*EXERCISE INPUTS*.

lemma polyfun_le_eq_0_infinite:
  fixes F :: "'a::idom \<Rightarrow> 'a"
  assumes "polyfun_le n F" "infinite {x. F x = 0}"
  shows "F y = 0"
proof -
  obtain A where "finite A" "card A = Suc n" "A \<subseteq> {x. F x = 0}"
    using infinite_arbitrarily_large[OF assms(2)] by blast
  then show ?thesis using polyfun_le_eq_0[OF assms(1), of A] by auto
qed

section \<open>Configurations and the L-operator\<close>

lemma configs_0: "configs 0 = {[]}"
  by (auto simp: configs_def)

lemma configs_Suc: "configs (Suc n) = (\<lambda>(x,xs). x#xs) ` ({0,1} \<times> configs n)"
  unfolding configs_def by (auto simp: image_iff length_Suc_conv)

lemma finite_configs: "finite (configs n)"
  by (induction n) (auto simp: configs_0 configs_Suc)

lemma sum_configs_Suc:
  "(\<Sum>xs\<in>configs (Suc n). F xs) = (\<Sum>x\<in>{0::nat,1}. \<Sum>xs\<in>configs n. F (x#xs))"
proof -
  have "inj_on (\<lambda>(x,xs). x#xs) ({0::nat,1} \<times> configs n)" by (auto simp: inj_on_def)
  then have "(\<Sum>xs\<in>configs (Suc n). F xs) = (\<Sum>p\<in>{0::nat,1} \<times> configs n. F (fst p # snd p))"
    unfolding configs_Suc by (subst sum.reindex) (auto simp: case_prod_beta intro!: sum.cong)
  also have "\<dots> = (\<Sum>x\<in>{0::nat,1}. \<Sum>xs\<in>configs n. F (x#xs))"
    by (simp add: sum.cartesian_product case_prod_beta)
  finally show ?thesis .
qed

lemma polyfun_le_Lel_u: "polyfun_le 1 (\<lambda>x. Lel t a b c d e f x w \<gamma> \<delta> \<alpha> \<beta>)"
  by (rule polyfun_le_cong[OF polyfun_le_affine[of "Lel t a b c d e f 0 w \<gamma> \<delta> \<alpha> \<beta>"
        "Lel t a b c d e f 1 w \<gamma> \<delta> \<alpha> \<beta> - Lel t a b c d e f 0 w \<gamma> \<delta> \<alpha> \<beta>"]])
     (simp add: Lel_def algebra_simps)

lemma polyfun_le_Lel_w: "polyfun_le 1 (\<lambda>x. Lel t a b c d e f u x \<gamma> \<delta> \<alpha> \<beta>)"
  by (rule polyfun_le_cong[OF polyfun_le_affine[of "Lel t a b c d e f u 0 \<gamma> \<delta> \<alpha> \<beta>"
        "Lel t a b c d e f u 1 \<gamma> \<delta> \<alpha> \<beta> - Lel t a b c d e f u 0 \<gamma> \<delta> \<alpha> \<beta>"]])
     (simp add: Lel_def algebra_simps)

lemma Lel_simps:
  "Lel t a b c d e f u w 0 0 0 0 = a*u + b*w"
  "Lel t a b c d e f u w 0 0 0 (Suc 0) = 0"
  "Lel t a b c d e f u w 0 0 (Suc 0) 0 = 0"
  "Lel t a b c d e f u w 0 0 (Suc 0) (Suc 0) = 0"
  "Lel t a b c d e f u w 0 (Suc 0) 0 0 = 0"
  "Lel t a b c d e f u w 0 (Suc 0) 0 (Suc 0) = a*t*u + b*w"
  "Lel t a b c d e f u w 0 (Suc 0) (Suc 0) 0 = (1-t)*c*u"
  "Lel t a b c d e f u w 0 (Suc 0) (Suc 0) (Suc 0) = 0"
  "Lel t a b c d e f u w (Suc 0) 0 0 0 = 0"
  "Lel t a b c d e f u w (Suc 0) 0 0 (Suc 0) = (1-t)*d*w"
  "Lel t a b c d e f u w (Suc 0) 0 (Suc 0) 0 = e*u + f*w"
  "Lel t a b c d e f u w (Suc 0) 0 (Suc 0) (Suc 0) = 0"
  "Lel t a b c d e f u w (Suc 0) (Suc 0) 0 0 = 0"
  "Lel t a b c d e f u w (Suc 0) (Suc 0) 0 (Suc 0) = 0"
  "Lel t a b c d e f u w (Suc 0) (Suc 0) (Suc 0) 0 = 0"
  "Lel t a b c d e f u w (Suc 0) (Suc 0) (Suc 0) (Suc 0) = e*u + t*f*w"
  by (simp_all add: Lel_def)

section \<open>Commutation of the B-operators\<close>

lemma double_sum_mult_swap:
  fixes f g :: "_ \<Rightarrow> _ \<Rightarrow> 'a::comm_semiring_0"
  shows "(\<Sum>x\<in>A. \<Sum>x'\<in>A'. f x x' * (\<Sum>y\<in>B. \<Sum>y'\<in>B'. g y y' * h x x' y y')) =
    (\<Sum>y\<in>B. \<Sum>y'\<in>B'. g y y' * (\<Sum>x\<in>A. \<Sum>x'\<in>A'. f x x' * h x x' y y'))"
proof -
  have "(\<Sum>x\<in>A. \<Sum>x'\<in>A'. f x x' * (\<Sum>y\<in>B. \<Sum>y'\<in>B'. g y y' * h x x' y y')) =
     (\<Sum>x\<in>A. \<Sum>x'\<in>A'. \<Sum>y\<in>B. \<Sum>y'\<in>B'. g y y' * (f x x' * h x x' y y'))"
    by (simp add: sum_distrib_left mult.left_commute)
  also have "\<dots> = (\<Sum>y\<in>B. \<Sum>y'\<in>B'. \<Sum>x\<in>A. \<Sum>x'\<in>A'. g y y' * (f x x' * h x x' y y'))"
    by (subst sum.swap, subst (2) sum.swap, subst (3) sum.swap) (simp add: sum.swap[of _ A'])
  finally show ?thesis by (simp add: sum_distrib_left)
qed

*WORK REQUEST*. Repeat exactly, and only, the lines of the records above, starting with the line that contains "(\<Sum>y\<in>B. \<Sum>y'\<in>B'. g y y' * (\<Sum>x\<in>A." and ending with the final line, both included.

*EXPECTED ANSWER*.
    (\<Sum>y\<in>B. \<Sum>y'\<in>B'. g y y' * (\<Sum>x\<in>A. \<Sum>x'\<in>A'. f x x' * h x x' y y'))"
proof -
  have "(\<Sum>x\<in>A. \<Sum>x'\<in>A'. f x x' * (\<Sum>y\<in>B. \<Sum>y'\<in>B'. g y y' * h x x' y y')) =
     (\<Sum>x\<in>A. \<Sum>x'\<in>A'. \<Sum>y\<in>B. \<Sum>y'\<in>B'. g y y' * (f x x' * h x x' y y'))"
    by (simp add: sum_distrib_left mult.left_commute)
  also have "\<dots> = (\<Sum>y\<in>B. \<Sum>y'\<in>B'. \<Sum>x\<in>A. \<Sum>x'\<in>A'. g y y' * (f x x' * h x x' y y'))"
    by (subst sum.swap, subst (2) sum.swap, subst (3) sum.swap) (simp add: sum.swap[of _ A'])
  finally show ?thesis by (simp add: sum_distrib_left)
qed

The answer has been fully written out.